* **Provided data**
────────────────────
lemma open_cylinder: "open (cylinder x r)"
proof -
  have "cylinder x r = Pi\<^sub>E UNIV (\<lambda>d. if \<bar>d\<bar> \<le> int r then {x d} else UNIV)"
    unfolding cylinder_def PiE_def Pi_def by auto
  moreover have "finite {d. (if \<bar>d\<bar> \<le> int r then {x d} else UNIV) \<noteq> UNIV}"
    by (rule finite_subset[of _ "{- int r .. int r}"]) auto
  ultimately show ?thesis
    by (simp add: open_PiE open_discrete)
qed

lemma open_contains_cylinder:
  assumes "open U" "x \<in> U"
  shows "\<exists>r. cylinder x r \<subseteq> U"
proof -
  obtain V where V: "finite {i. V i \<noteq> UNIV}" "x \<in> Pi\<^sub>E UNIV V" "Pi\<^sub>E UNIV V \<subseteq> U"
    using assms unfolding open_fun_def openin_product_topology_alt by auto
  define r where "r = Max (insert 0 ((\<lambda>i. nat \<bar>i\<bar>) ` {i. V i \<noteq> UNIV}))"
  have bound: "\<bar>i\<bar> \<le> int r" if "V i \<noteq> UNIV" for i
  proof -
    have "nat \<bar>i\<bar> \<le> r"
      unfolding r_def using that V(1) by (intro Max_ge) auto
    then show ?thesis by simp
  qed
  have "cylinder x r \<subseteq> Pi\<^sub>E UNIV V"
  proof
    fix y assume y: "y \<in> cylinder x r"
    have "y i \<in> V i" for i
      using y V(2) bound[of i] unfolding cylinder_def PiE_iff by (cases "V i = UNIV") auto
    then show "y \<in> Pi\<^sub>E UNIV V" by (simp add: PiE_iff)
  qed
  with V(3) show ?thesis by blast
qed

lemma closure_iff_cylinders:
  fixes A :: "(int \<Rightarrow> nat) set"
  shows "x \<in> closure A \<longleftrightarrow> (\<forall>r. \<exists>y\<in>A. \<forall>d. \<bar>d\<bar> \<le> int r \<longrightarrow> y d = x d)"
proof
  assume x: "x \<in> closure A"
  show "\<forall>r. \<exists>y\<in>A. \<forall>d. \<bar>d\<bar> \<le> int r \<longrightarrow> y d = x d"
  proof
    fix r
    have "cylinder x r \<inter> A \<noteq> {}"
      using x self_in_cylinder open_Int_closure_eq_empty[OF open_cylinder] by blast
    then show "\<exists>y\<in>A. \<forall>d. \<bar>d\<bar> \<le> int r \<longrightarrow> y d = x d"
      unfolding cylinder_def by blast
  qed
next
  assume "\<forall>r. \<exists>y\<in>A. \<forall>d. \<bar>d\<bar> \<le> int r \<longrightarrow> y d = x d"
  then have meets: "cylinder x r \<inter> A \<noteq> {}" for r
    unfolding cylinder_def by blast
  show "x \<in> closure A"
    unfolding closure_iff_nhds_not_empty
  proof (intro allI impI)
    fix B S assume "S \<subseteq> B" "open S" "x \<in> S"
    then obtain r where "cylinder x r \<subseteq> S"
      using open_contains_cylinder by blast
    then show "A \<inter> B \<noteq> {}"
      using \<open>S \<subseteq> B\<close> meets[of r] by blast
  qed
qed

lemma compact_full_shift: "compact (full_shift k)"
proof -
  have "full_shift k = Pi\<^sub>E UNIV (\<lambda>_. {..<k})"
    unfolding full_shift_def PiE_def Pi_def by auto
  moreover have "compactin (product_topology (\<lambda>_. euclidean) UNIV) (Pi\<^sub>E UNIV (\<lambda>_::int. {..<k}))"
    by (simp add: compactin_PiE finite_imp_compact)
  ultimately show ?thesis
    by (simp add: euclidean_product_topology)
qed

lemma nonwandering_iff:
  "x \<in> nonwandering k f \<longleftrightarrow>
    x \<in> full_shift k \<and> (\<forall>n r. \<exists>j\<ge>n. \<forall>d. \<bar>d\<bar> \<le> int r \<longrightarrow> (f ^^ j) x d = x d)"
  unfolding nonwandering_def closure_iff_cylinders by blast

definition shift_by :: "int \<Rightarrow> (int \<Rightarrow> nat) \<Rightarrow> (int \<Rightarrow> nat)" where
  "shift_by n x = (\<lambda>i. x (i + n))"

lemma shift_by_in_full_shift: "x \<in> full_shift k \<Longrightarrow> shift_by n x \<in> full_shift k"
  by (simp add: shift_by_def full_shift_def)

lemma shift_by_add: "shift_by a (shift_by b x) = shift_by (a + b) x"
  by (simp add: shift_by_def ac_simps)

lemma shift_by_0 [simp]: "shift_by 0 x = x"
  by (simp add: shift_by_def)

lemma cellular_automaton_shift_by_nat:
  assumes ca: "cellular_automaton k f" and x: "x \<in> full_shift k"
  shows "f (shift_by (int n) x) = shift_by (int n) (f x)"
proof (induction n)
  case (Suc n)
  have shift_Suc: "shift_by (int (Suc n)) z = shift (shift_by (int n) z)" for z
    by (simp add: shift_def shift_by_def ac_simps)
  show ?case
    using ca shift_by_in_full_shift[OF x] Suc unfolding shift_Suc cellular_automaton_def by simp
qed simp

lemma cellular_automaton_shift_by:
  assumes ca: "cellular_automaton k f" and x: "x \<in> full_shift k"
  shows "f (shift_by n x) = shift_by n (f x)"
proof (cases "0 \<le> n")
  case True
  then show ?thesis
    using cellular_automaton_shift_by_nat[OF assms, of "nat n"] by simp
next
  case False
  define m where "m = nat (- n)"
  then have n: "n = - int m"
    using False by simp
  have "f x = f (shift_by (int m) (shift_by n x))"
    by (simp add: shift_by_add n)
  also have "\<dots> = shift_by (int m) (f (shift_by n x))"
    by (rule cellular_automaton_shift_by_nat[OF ca shift_by_in_full_shift[OF x]])
  finally show ?thesis
    by (simp add: shift_by_add n)
qed

lemma cellular_automaton_apply:
  assumes "cellular_automaton k f" and "x \<in> full_shift k"
  shows "f x i = f (shift_by i x) 0"
proof -
  have "f (shift_by i x) 0 = shift_by i (f x) 0"
    using cellular_automaton_shift_by[OF assms] by simp
  then show ?thesis
    by (simp add: shift_by_def)
qed

definition has_radius :: "nat \<Rightarrow> ((int \<Rightarrow> nat) \<Rightarrow> (int \<Rightarrow> nat)) \<Rightarrow> nat \<Rightarrow> bool" where
  "has_radius k f \<rho> \<longleftrightarrow> (\<forall>y\<in>full_shift k. \<forall>z\<in>full_shift k. \<forall>i.
     (\<forall>d. \<bar>d\<bar> \<le> int \<rho> \<longrightarrow> y (i + d) = z (i + d)) \<longrightarrow> f y i = f z i)"

lemma cellular_automaton_locally_constant_at_0:
  assumes ca: "cellular_automaton k f" and x: "x \<in> full_shift k"
  shows "\<exists>r. \<forall>y\<in>full_shift k \<inter> cylinder x r. f y 0 = f x 0"
proof -
  have "continuous_on (full_shift k) (\<lambda>y. f y 0)"
    using ca unfolding cellular_automaton_def
    by (intro continuous_on_compose2[OF continuous_on_product_coordinates, of _ f, simplified]) auto
  then obtain A where A: "open A" "A \<inter> full_shift k = (\<lambda>y. f y 0) -` {f x 0} \<inter> full_shift k"
    unfolding continuous_on_open_invariant by (meson open_discrete)
  moreover have "x \<in> A"
    using A(2) x by blast
  ultimately obtain r where r: "cylinder x r \<subseteq> A"
    using open_contains_cylinder by blast
  have "f y 0 = f x 0" if "y \<in> full_shift k \<inter> cylinder x r" for y
  proof -
    have "y \<in> A \<inter> full_shift k"
      using that r by blast
    then show ?thesis
      unfolding A(2) by simp
  qed
  then show ?thesis by blast
qed

text \<open>Curtis-Hedlund-Lyndon: finitely many cylinders on which the image cell 0 is constant
  cover the compact full shift; their largest radius works at every cell by shift invariance.\<close>

lemma cellular_automaton_has_radius:
  assumes ca: "cellular_automaton k f"
  shows "\<exists>\<rho>. has_radius k f \<rho>"
proof -
  have "\<forall>x\<in>full_shift k. \<exists>r. \<forall>y\<in>full_shift k \<inter> cylinder x r. f y 0 = f x 0"
    using cellular_automaton_locally_constant_at_0[OF ca] by blast
  then obtain R where "\<forall>x\<in>full_shift k. \<forall>y\<in>full_shift k \<inter> cylinder x (R x). f y 0 = f x 0"
    by (rule bchoice[THEN exE])
  then have R: "f y 0 = f x 0" if "x \<in> full_shift k" "y \<in> full_shift k" "y \<in> cylinder x (R x)" for x y
    using that by blast
  have cover: "full_shift k \<subseteq> (\<Union>x\<in>full_shift k. cylinder x (R x))"
    using self_in_cylinder by blast
  obtain X where X: "X \<subseteq> full_shift k" "finite X" "full_shift k \<subseteq> (\<Union>x\<in>X. cylinder x (R x))"
    by (rule compactE_image[where f = "\<lambda>x. cylinder x (R x)", OF compact_full_shift open_cylinder cover])
  define \<rho> where "\<rho> = Max (insert 0 (R ` X))"
  have at_0: "f y 0 = f z 0"
    if y: "y \<in> full_shift k" and z: "z \<in> full_shift k" and agree: "\<forall>d. \<bar>d\<bar> \<le> int \<rho> \<longrightarrow> y d = z d" for y z
  proof -
    obtain x where x: "x \<in> X" "y \<in> cylinder x (R x)"
      using X(3) y by blast
    have "R x \<le> \<rho>"
      unfolding \<rho>_def using x(1) X(2) by simp
    have "z d = x d" if d: "\<bar>d\<bar> \<le> int (R x)" for d
    proof -
      have "\<bar>d\<bar> \<le> int \<rho>"
        using d \<open>R x \<le> \<rho>\<close> by (meson of_nat_le_iff order_trans)
      then have "y d = z d"
        using agree by blast
      moreover have "y d = x d"
        using x(2) d unfolding cylinder_def by blast
      ultimately show ?thesis by simp
    qed
    then have "z \<in> cylinder x (R x)"
      unfolding cylinder_def by blast
    moreover have "x \<in> full_shift k"
      using X(1) x(1) by blast
    ultimately show ?thesis
      using R[of x y] R[of x z] y z x(2) by simp
  qed
  have "has_radius k f \<rho>"
    unfolding has_radius_def
  proof (intro ballI allI impI)
    fix y z i assume y: "y \<in> full_shift k" and z: "z \<in> full_shift k"
      and agree: "\<forall>d. \<bar>d\<bar> \<le> int \<rho> \<longrightarrow> y (i + d) = z (i + d)"
    have "f (shift_by i y) 0 = f (shift_by i z) 0"
      using agree by (intro at_0 shift_by_in_full_shift y z) (simp add: shift_by_def add.commute)
    then show "f y i = f z i"
      using cellular_automaton_apply[OF ca y, of i] cellular_automaton_apply[OF ca z, of i] by simp
  qed
  then show ?thesis ..
qed

section \<open>Orbit certificates\<close>

definition cell_key :: "nat \<Rightarrow> nat \<Rightarrow> nat \<Rightarrow> nat" where
  "cell_key j a b = tuple [0, j, a, b]"

definition window_key :: "nat \<Rightarrow> nat \<Rightarrow> nat \<Rightarrow> nat \<Rightarrow> nat" where
  "window_key j a b t = tuple [1, j, a, b, t]"

definition suffix_key :: "nat \<Rightarrow> nat" where
  "suffix_key i = tuple [2, i]"

definition return_key :: "nat \<Rightarrow> nat \<Rightarrow> nat" where
  "return_key n r = tuple [3, n, r]"

text \<open>The intended values of T: cell_key j a b holds the cell y_j(a - b) of the orbit
  y_j = f^j(x), integer positions being differences of naturals so that neighbours are reached
  by Suc; window_key j a b t holds the code of the reversed list of the t cells of y_j from
  position a - b on, which grows by a cons, list_encode (c # cs) = Suc (prod_encode (c, list_encode cs));
  suffix_key i holds the code of the suffix from position i of the word w; and return_key n r
  holds a time j \<ge> n at which y_j agrees with y_0 on [-r, r].\<close>

locale orbit_certificate =
  fixes k \<rho> :: nat and F :: "nat list" and w :: nat and T :: "nat \<Rightarrow> nat"
  assumes cell_shift: "T (cell_key j (Suc a) (Suc b)) = T (cell_key j a b)"
    and cell_less: "T (cell_key j a b) < k"
    and window_0: "T (window_key j a b 0) = 0"
    and window_Suc:
      "T (window_key j a b (Suc t)) = Suc (prod_encode (T (cell_key j (a + t) b), T (window_key j a b t)))"
    and window_rule: "prod_encode (T (window_key j a b (Suc (2 * \<rho>))), T (cell_key (Suc j) (a + \<rho>) b)) \<in> set F"
    and suffix_0: "T (suffix_key 0) = w"
    and suffix_Suc:
      "T (suffix_key i) = 0 \<or> T (suffix_key i) = Suc (prod_encode (T (cell_key 0 i 0), T (suffix_key (Suc i))))"
    and return_ge: "n \<le> T (return_key n r)"
    and return_agree: "a \<le> r \<Longrightarrow> b \<le> r \<Longrightarrow> T (cell_key (T (return_key n r)) a b) = T (cell_key 0 a b)"

definition window :: "nat \<Rightarrow> (int \<Rightarrow> nat) \<Rightarrow> int \<Rightarrow> nat list" where
  "window \<rho> y i = map (\<lambda>s. y (i - int \<rho> + int s)) [0..<Suc (2 * \<rho>)]"

definition window_config :: "nat \<Rightarrow> nat list \<Rightarrow> int \<Rightarrow> nat" where
  "window_config \<rho> ws = (\<lambda>d. if \<bar>d\<bar> \<le> int \<rho> then ws ! nat (d + int \<rho>) else 0)"

definition rule_table :: "nat \<Rightarrow> nat \<Rightarrow> ((int \<Rightarrow> nat) \<Rightarrow> (int \<Rightarrow> nat)) \<Rightarrow> nat list" where
  "rule_table k \<rho> f = (SOME F. set F =
     (\<lambda>ws. prod_encode (list_encode (rev ws), f (window_config \<rho> ws) 0)) `
       {ws. set ws \<subseteq> {..<k} \<and> length ws = Suc (2 * \<rho>)})"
────────────────────
* **Prompt**
What lines of the material above hold the string "that"? Please copy them.

* **Written reply**
      unfolding r_def using that V(1) by (intro Max_ge) auto
      using that r by blast
    using that by blast
  y_j = f^j(x), integer positions being differences of naturals so that neighbours are reached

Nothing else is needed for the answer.